I don't know if the cron job last started when the server was all-UTC and now that the timezone is established and it was restarted it is grabbing the local time, or what.

Thank you for your patience and your help. My apologies if this was suggested before and I didn't understand or it didn't hit me (sometimes I need a baseball bat in the side of the head).

Either way this has been a learning experience.  Now I have to figure out how to mark this thread as solved.


----------



## _martin (Feb 6, 2013)

dragonbite said:
			
		

> I restarted crond with
> 
> 
> 
> ...



Doh! I had this issue now and I was not able to figure out why was cron behaving the way it was - everything is set properly and yet cron was executing scripts in weird time (+1h as I am GMT+1). I guess sometimes _did you try to turn it off and on again_ is the way to go


----------



## dragonbite (Feb 7, 2013)

That's part of Microsoft's 4 "R"s of troubleshooting...

"R"estart the application
"R"estart Windows
"R"einstall the application
"R"einstall Windows

and my preferred fourth "R"

"R"eplace Windows with something else!


----------



## _martin (Feb 7, 2013)

dragonbite said:
			
		

> "R"eplace Windows with something else!



 .. but over these years I can tell you sometimes I'd rather see Windows server than Linux one (preferably HPUX/Solaris/FreeBSD though).
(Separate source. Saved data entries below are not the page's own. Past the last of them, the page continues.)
(* Let $E^+$ be a valuation ring of finite rank with fraction field $E$, and let $M$ be a torsionfree $E^+$-module such that $M\otimes_{E^+}E$ is a finite-dimensional $E$-vector space. Then the $E^+/p$-module $M/p$ is a countable filtered colimit of free $E^+/p$-modules of rank at most $\dim_E(M\otimes_{E^+}E)$. In particular, $M/p$ has projective dimension at most $1$ as an $E^+/p$-module.
   Context: $p$ is a prime. The rank of a valuation ring is its number of nonzero prime ideals. *)

theory Defs
  imports Main "HOL.Modules" "HOL-Computational_Algebra.Fraction_Field" "HOL-Computational_Algebra.Primes"
begin

(* The valuation ring E^+ is modelled as a type 'r :: idom; its fraction field E is 'r fract. *)

definition valuation_ring :: "'r::idom itself \<Rightarrow> bool" where
  "valuation_ring _ \<longleftrightarrow>
     (\<forall>x :: 'r fract. (\<exists>a. x = Fract a 1) \<or> (\<exists>a. inverse x = Fract a 1))"

definition ring_ideal :: "'r::comm_ring_1 set \<Rightarrow> bool" where
  "ring_ideal I \<longleftrightarrow> 0 \<in> I \<and> (\<forall>x\<in>I. \<forall>y\<in>I. x + y \<in> I) \<and> (\<forall>r. \<forall>x\<in>I. r * x \<in> I)"

definition prime_ideal :: "'r::comm_ring_1 set \<Rightarrow> bool" where
  "prime_ideal P \<longleftrightarrow> ring_ideal P \<and> P \<noteq> UNIV \<and> (\<forall>a b. a * b \<in> P \<longrightarrow> a \<in> P \<or> b \<in> P)"

text \<open>rank = number of nonzero prime ideals; finite rank means this set is finite\<close>
definition finite_rank :: "'r::comm_ring_1 itself \<Rightarrow> bool" where
  "finite_rank _ \<longleftrightarrow> finite {P :: 'r set. prime_ideal P \<and> P \<noteq> {0}}"

definition torsionfree :: "('r::comm_ring_1 \<Rightarrow> 'm::ab_group_add \<Rightarrow> 'm) \<Rightarrow> bool" where
  "torsionfree scale \<longleftrightarrow> (\<forall>r m. scale r m = 0 \<longrightarrow> r = 0 \<or> m = 0)"

text \<open>B (finite, E^+-linearly independent in M) gives a basis {b \<otimes> 1} of M \<otimes> E:
  every element of M becomes a combination of B after multiplying by a nonzero scalar.\<close>
definition tensor_basis :: "('r::comm_ring_1 \<Rightarrow> 'm::ab_group_add \<Rightarrow> 'm) \<Rightarrow> 'm set \<Rightarrow> bool" where
  "tensor_basis scale B \<longleftrightarrow> finite B \<and> \<not> module.dependent scale B \<and>
     (\<forall>m. \<exists>r. r \<noteq> 0 \<and> scale r m \<in> module.span scale B)"

definition in_pM :: "('r::comm_ring_1 \<Rightarrow> 'm::ab_group_add \<Rightarrow> 'm) \<Rightarrow> nat \<Rightarrow> 'm \<Rightarrow> bool" where
  "in_pM scale p m \<longleftrightarrow> (\<exists>m'. m = scale (of_nat p) m')"

text \<open>M/p is the colimit (in E^+/p-modules) of a countable directed system (index set I \<subseteq> nat,
  preorder le) of free E^+/p-modules F_i = (E^+/p)^(k i) with k i \<le> d.
  Transition maps F_i \<rightarrow> F_j are given by matrices A i j (entries taken mod p):
  e_a \<mapsto> \<Sum>_b A i j a b e_b.  The cocone maps F_i \<rightarrow> M/p send e_a to the class of g i a.
  The colimit property is the standard explicit one for directed colimits of modules:
  jointly surjective, and an element of F_i mapping to 0 dies in some F_j, j \<ge> i.\<close>
definition free_countable_filtered_colimit ::
    "('r::comm_ring_1 \<Rightarrow> 'm::ab_group_add \<Rightarrow> 'm) \<Rightarrow> nat \<Rightarrow> nat \<Rightarrow> bool" where
  "free_countable_filtered_colimit scale p d \<longleftrightarrow>
    (\<exists>(I::nat set) (le::nat \<Rightarrow> nat \<Rightarrow> bool) (k::nat \<Rightarrow> nat)
       (A::nat \<Rightarrow> nat \<Rightarrow> nat \<Rightarrow> nat \<Rightarrow> 'r) (g::nat \<Rightarrow> nat \<Rightarrow> 'm).
      I \<noteq> {} \<and>
      (\<forall>i\<in>I. le i i) \<and>
      (\<forall>i\<in>I. \<forall>j\<in>I. \<forall>l\<in>I. le i j \<longrightarrow> le j l \<longrightarrow> le i l) \<and>
      (\<forall>i\<in>I. \<forall>j\<in>I. \<exists>l\<in>I. le i l \<and> le j l) \<and>
      (\<forall>i\<in>I. k i \<le> d) \<and>
      (\<forall>i\<in>I. \<forall>a<k i. \<forall>b<k i. of_nat p dvd (A i i a b - (if a = b then 1 else 0))) \<and>
      (\<forall>i\<in>I. \<forall>j\<in>I. \<forall>l\<in>I. le i j \<longrightarrow> le j l \<longrightarrow>
         (\<forall>a<k i. \<forall>c<k l. of_nat p dvd (A i l a c - (\<Sum>b<k j. A i j a b * A j l b c)))) \<and>
      (\<forall>i\<in>I. \<forall>j\<in>I. le i j \<longrightarrow>
         (\<forall>a<k i. in_pM scale p (g i a - (\<Sum>b<k j. scale (A i j a b) (g j b))))) \<and>
      (\<forall>m. \<exists>i\<in>I. \<exists>c::nat \<Rightarrow> 'r. in_pM scale p (m - (\<Sum>a<k i. scale (c a) (g i a)))) \<and>
      (\<forall>i\<in>I. \<forall>c::nat \<Rightarrow> 'r. in_pM scale p (\<Sum>a<k i. scale (c a) (g i a)) \<longrightarrow>
         (\<exists>j\<in>I. le i j \<and> (\<forall>b<k j. of_nat p dvd (\<Sum>a<k i. c a * A i j a b)))))"

end

theory Submission
  imports "HOL-Library.Countable_Set" Defs
begin

text \<open>Coordinates with respect to \<open>B\<close> embed \<open>M\<close> into \<open>E\<^sup>d\<close>, and \<open>M\<close> is filtered by the submodules
  \<open>M\<^sub>k\<close> of elements whose coordinates from the \<open>k\<close>-th on vanish. The \<open>k\<close>-th coordinate embeds
  \<open>M\<^sub>k\<^sub>+\<^sub>1/M\<^sub>k\<close> into \<open>E\<close>, and every \<open>E\<^sup>+\<close>-submodule of \<open>E\<close> is countably generated because, for a
  valuation ring of finite rank, every set of nonzero elements of \<open>E\<close> has a countable coinitial
  subset for the valuation (induction over the finitely many convex subgroups of the value group,
  whose successive quotients are archimedean). So \<open>M\<close> is countably generated, hence the union of
  the chain of its submodules generated by finitely many generators. Gaussian elimination over
  \<open>E\<^sup>+\<close>, pivoting on a coordinate of least valuation, brings each of these into echelon form with
  respect to the coordinates, so it is free of rank at most \<open>d\<close>. Reducing the chain mod \<open>p\<close>
  gives the colimit presentation.\<close>

section \<open>Valuation rings and their convex subgroups\<close>

definition integral_fract :: "'r::idom fract \<Rightarrow> bool" where
  "integral_fract x \<longleftrightarrow> (\<exists>a. x = Fract a 1)"

lemma integral_fract_0 [simp]: "integral_fract 0"
  and integral_fract_1 [simp]: "integral_fract 1"
  and integral_fract_Fract [simp]: "integral_fract (Fract a 1)"
  unfolding integral_fract_def by (auto simp: Zero_fract_def One_fract_def)

lemma integral_fract_mult [intro]: "integral_fract x \<Longrightarrow> integral_fract y \<Longrightarrow> integral_fract (x * y)"
  and integral_fract_add [intro]: "integral_fract x \<Longrightarrow> integral_fract y \<Longrightarrow> integral_fract (x + y)"
  unfolding integral_fract_def by auto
But not to start a flame or anything; my opinion only.

This cron thing is weird. I did a setup of this server at home, synced all pools and later moved it to DC. There were several reboots (power offs) of this server with a proper timezone set (and clock was always UTC). So I don't get it why actually restart of the cron helped. I guess I'll find out next downtime I'll have.


----------